American impressionist artist (1863–1937)

Mary H. Teasdel (November 6, 1863 – 1937) was an impressionist artist and the first female Utah native to exhibit in the Paris Salon.

==Personal life==
Born to Mr. and Mrs. S. P. Teasdel on November 6, 1863, in Salt Lake City, Teasdel was raised in a relatively wealthy family and was afforded many privileges. Her father was a successful merchant and provided for her abundant education in the arts, although he did not approve of her investment in art as a career.

== Education ==

Teasdel's family ensured she was given a proper education (or what was considered such in her area at the time) and she was trained musically and artistically in her early life. She studied under George Ottinger at the University of Deseret and graduated in 1886 with a degree in art and music. She continued to study in Utah under J. T. Harwood. Beyond her training in her native land, Teasdel went on to travel to Paris and study under many great artists including William Benjamin-Constant, Jules Simon, and James Whistler.

== Career ==

Teasdel's paintings were of the impressionist tradition and usually depicted landscapes and still lifes, although she also ventured into the world of portraiture. Perhaps the greatest mark of her achievement was her exhibition in the Paris Salon in 1901, making her the first female Utahn, and second Utahn ever, to appear there. A group of her miniatures were displayed at the Salon and later two other miniatures were included in the International French Exposition. Returning to Utah after her three years in France, Teasdel continued to produce artwork. She also served as the president of the governing board for the Utah Art Institute and taught art in Salt Lake City schools.

Of her profession, Teasdel wrote, "True art is the personal expression of an idea in an artistic way. To be able to do this one must understand the language of art, its intentions and limitations. Art is infinite in its various expressions and should enter every part of our lives because art means harmony, beauty, and the eternal fitness of things."

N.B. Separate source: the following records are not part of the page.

(* Let $\theta_1,\theta_2>0$, $\theta=\theta_1+\theta_2$, $p=\theta_1/\theta$, and let $\{\xi(t)\}_{t\ge 0}$ be the Fleming–Viot process on $[0,1]$ with $\xi(0)=x$ and generator \[ \mathcal{L}g(x)=x\big(g(1)-g(x)\big)+(1-x)\big(g(0)-g(x)\big)+\tfrac12(\theta_1-\theta x)g'(x),\qquad g\in C^2([0,1]). \] Let \[ p_{11}(t)=e^{-\theta t/2}+(1-e^{-\theta t/2})p,\quad p_{21}(t)=(1-e^{-\theta t/2})p, \] \[ q_1(t;x)=xe^{-\theta t/2}+(1-e^{-\theta t/2})p,\quad q_2(t;x)=1-q_1(t;x). \] Then \[ \xi(t)=\begin{cases} q_1(t;x) & \text{with probability } e^{-t},\\ p_{i1}(\tau),\ i=1,2, & \text{with probability } (1-e^{-t})\,q_i(t-\tau;x),\end{cases} \] where $\tau$ has the truncated exponential density $(1-e^{-t})^{-1}e^{-\tau}$, $0<\tau<t$. The continuous part of the distribution of $\xi(t)$ has density $f(\xi;x,t)$ equal to \[ \Big(p+e^{-\theta t/2}(x-p)\tfrac{1-p}{\xi-p}\Big)\frac{2}{\theta}\Big(\frac{\xi-p}{1-p}\Big)^{2/\theta-1}\frac{1}{1-p}\quad\text{for } \xi>p+(1-p)e^{-\theta t/2}, \] \[ \Big(1-p-e^{-\theta t/2}(x-p)\big(1-\tfrac{\xi}{p}\big)^{-1}\Big)\frac{2}{\theta}\Big(1-\frac{\xi}{p}\Big)^{2/\theta-1}\frac1p\quad\text{for } \xi<p(1-e^{-\theta t/2}), \] and zero for $p(1-e^{-\theta t/2})<\xi<p+(1-p)e^{-\theta t/2}$. The stationary density of $\{\xi(t)\}$ is \[ f(\xi)=\lim_{t\to\infty}f(\xi;x,t)=\begin{cases} p\,\frac{2}{\theta}\Big(\frac{\xi-p}{1-p}\Big)^{2/\theta-1}\frac{1}{1-p}, & \xi>p,\\[4pt] (1-p)\,\frac{2}{\theta}\Big(1-\frac{\xi}{p}\Big)^{2/\theta-1}\frac1p, & \xi<p.\end{cases} \]
   Context: This is the star-shaped $\Lambda$-Fleming–Viot process ($\Lambda$ a unit atom at $1$) with two types and mutation: $\xi(t)$ is the frequency of type 1 at time $t$; at rate 1 the whole population is replaced by the offspring of a single individual chosen at random (type 1 with probability equal to the current type-1 frequency); mutation occurs along lines at rate $\theta/2$, the new type being type 1 with probability $p$. Here $p_{i1}(t)$ is the probability that a single line of type $i$ is of type 1 after time $t$, and $q_i(t;x)$ the probability that a single individual at time $t$ is of type $i$ given no replacement in $(0,t)$. *)

theory Defs
  imports "HOL-Probability.Probability"
begin

definition fv_theta :: "real \<Rightarrow> real \<Rightarrow> real" where
  "fv_theta \<theta>1 \<theta>2 = \<theta>1 + \<theta>2"

definition fv_p :: "real \<Rightarrow> real \<Rightarrow> real" where
  "fv_p \<theta>1 \<theta>2 = \<theta>1 / fv_theta \<theta>1 \<theta>2"

definition fv_gen :: "real \<Rightarrow> real \<Rightarrow> (real \<Rightarrow> real) \<Rightarrow> (real \<Rightarrow> real) \<Rightarrow> real \<Rightarrow> real" where
  "fv_gen \<theta>1 \<theta>2 g dg y =
     y * (g 1 - g y) + (1 - y) * (g 0 - g y) + (\<theta>1 - fv_theta \<theta>1 \<theta>2 * y) / 2 * dg y"

text \<open>Kolmogorov forward equation for a family of one-dimensional marginal laws P t
  (t \<ge> 0) of a process with generator fv_gen, tested against all C^2 functions.\<close>
definition fv_evolution :: "real \<Rightarrow> real \<Rightarrow> (real \<Rightarrow> real measure) \<Rightarrow> bool" where
  "fv_evolution \<theta>1 \<theta>2 P \<longleftrightarrow>
     (\<forall>t\<ge>0. sets (P t) = sets borel \<and> prob_space (P t) \<and> emeasure (P t) {0..1} = 1) \<and>
     (\<forall>g dg d2g. (\<forall>y. (g has_real_derivative dg y) (at y)) \<and>
                 (\<forall>y. (dg has_real_derivative d2g y) (at y)) \<and> continuous_on UNIV d2g \<longrightarrow>
        (\<forall>t\<ge>0. ((\<lambda>s. \<integral>y. g y \<partial>P s) has_real_derivative
                    (\<integral>y. fv_gen \<theta>1 \<theta>2 g dg y \<partial>P t)) (at t within {0..})))"
text \<open>A play: C t i is the position of cop i after the cops' move in round t
  (C 0 = initial placement), R t is the robber position after his move in round t
  (R 0 = robber's initial choice).  Cop strategy: initial placement c0 and
  a function sigma from the robber history [R 0, ..., R t] to the cops' positions
  in round t+1 (the cops' own earlier positions are determined by the strategy).\<close>

definition step :: "'a set \<Rightarrow> ('a \<Rightarrow> 'a \<Rightarrow> bool) \<Rightarrow> 'a \<Rightarrow> 'a \<Rightarrow> bool" where
  "step V E x y \<longleftrightarrow> x \<in> V \<and> (y = x \<or> E x y)"

fun cop_pos :: "('a \<Rightarrow> 'a \<Rightarrow> bool) \<Rightarrow> (nat \<Rightarrow> 'a) \<Rightarrow> ('a list \<Rightarrow> nat \<Rightarrow> 'a) \<Rightarrow> (nat \<Rightarrow> 'a) \<Rightarrow> nat \<Rightarrow> nat \<Rightarrow> 'a" where
  "cop_pos E c0 \<sigma> R 0 = c0"
| "cop_pos E c0 \<sigma> R (Suc t) = \<sigma> (map R [0..<Suc t])"

definition robber_legal :: "'a set \<Rightarrow> ('a \<Rightarrow> 'a \<Rightarrow> bool) \<Rightarrow> (nat \<Rightarrow> 'a) \<Rightarrow> bool" where
  "robber_legal V E R \<longleftrightarrow> R 0 \<in> V \<and> (\<forall>t. step V E (R t) (R (Suc t)))"

definition cops_winning_strategy ::
  "'a set \<Rightarrow> ('a \<Rightarrow> 'a \<Rightarrow> bool) \<Rightarrow> nat \<Rightarrow> (nat \<Rightarrow> 'a) \<Rightarrow> ('a list \<Rightarrow> nat \<Rightarrow> 'a) \<Rightarrow> bool" where
  "cops_winning_strategy V E k c0 \<sigma> \<longleftrightarrow>
     (\<forall>i<k. c0 i \<in> V) \<and>
     (\<forall>R. robber_legal V E R \<longrightarrow>
        (\<forall>t. \<forall>i<k. step V E (cop_pos E c0 \<sigma> R t i) (cop_pos E c0 \<sigma> R (Suc t) i)) \<and>
        (\<exists>t. \<exists>i<k. cop_pos E c0 \<sigma> R t i = R t \<or> cop_pos E c0 \<sigma> R (Suc t) i = R t))"

definition cops_win :: "'a set \<Rightarrow> ('a \<Rightarrow> 'a \<Rightarrow> bool) \<Rightarrow> nat \<Rightarrow> bool" where
  "cops_win V E k \<longleftrightarrow> (\<exists>c0 \<sigma>. cops_winning_strategy V E k c0 \<sigma>)"

definition cop_number :: "'a set \<Rightarrow> ('a \<Rightarrow> 'a \<Rightarrow> bool) \<Rightarrow> nat" where
  "cop_number V E = (LEAST k. cops_win V E k)"

end

theory Submission imports Defs begin

text \<open>In the hypercube two distinct vertices have at most two common neighbours and no
  triangle exists, so for distinct x, c at most two neighbours of x lie in the closed
  neighbourhood of c. A robber standing on an unoccupied vertex of degree greater than 2k
  can therefore always step to a neighbour that is neither occupied by nor adjacent to
  any of the k cops; the cops then never reach him.\<close>

definition cube_diff :: "nat \<Rightarrow> bool list \<Rightarrow> bool list \<Rightarrow> nat set" where
  "cube_diff n X Y = {i. i < n \<and> X ! i \<noteq> Y ! i}"

lemma cube_E_iff_cube_diff_singleton:
  "cube_E n X Y \<longleftrightarrow> length X = n \<and> length Y = n \<and> (\<exists>i. cube_diff n X Y = {i})"
  unfolding cube_E_def cube_diff_def by (simp add: card_1_singleton_iff)

lemma cube_diff_less: "i \<in> cube_diff n X Y \<Longrightarrow> i < n"
  unfolding cube_diff_def by simp

lemma mem_cube_diff_trans_iff:
  "i \<in> cube_diff n X Z \<longleftrightarrow> i < n \<and> ((i \<in> cube_diff n X Y) \<noteq> (i \<in> cube_diff n Y Z))"
  unfolding cube_diff_def by auto

lemma inj_on_cube_diff: "inj_on (cube_diff n X) {Y. length Y = n}"
proof
  fix Y Y' assume "Y \<in> {Y. length Y = n}" "Y' \<in> {Y. length Y = n}"
    and eq: "cube_diff n X Y = cube_diff n X Y'"
  then show "Y = Y'"
    by (intro nth_equalityI) (auto simp: set_eq_iff cube_diff_def)
qed

lemma cube_triangle_free: "cube_E n X Y \<Longrightarrow> cube_E n Y Z \<Longrightarrow> \<not> cube_E n X Z"
proof
  assume "cube_E n X Y" "cube_E n Y Z" "cube_E n X Z"
  then obtain i j l where i: "cube_diff n X Y = {i}" and j: "cube_diff n Y Z = {j}"
    and l: "cube_diff n X Z = {l}"
    by (metis cube_E_iff_cube_diff_singleton)
  have "i < n" "j < n" "l < n" using i j l cube_diff_less by blast+
  then show False
    using mem_cube_diff_trans_iff[of _ n X Z Y] i j l by (metis insert_iff singleton_iff)
qed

In 1922, Teasdel exhibited at the MacDowell Club in Los Angeles along with Adolpho Brougler and Alice Daniels. Writing for the Los Angeles Times, Antony Anderson described Teasdel's "group of little water color paintings" as "very crisp and clean in handling, full of light and air." Some of the examples of her work included "Early Morning," "Windy Hilltop," "Purple Asters," "A Beach Town Street," "Los Angeles Garden," and "November."

== See also ==
Martha Bradley's "Mary Teasdel: Yet Another American in Paris" was originally published in the Utah Historical Quarterly, Volume 58, Number 3, 1990 and is available online via Issuu and archived at the Internet Archive on 14 February 2023.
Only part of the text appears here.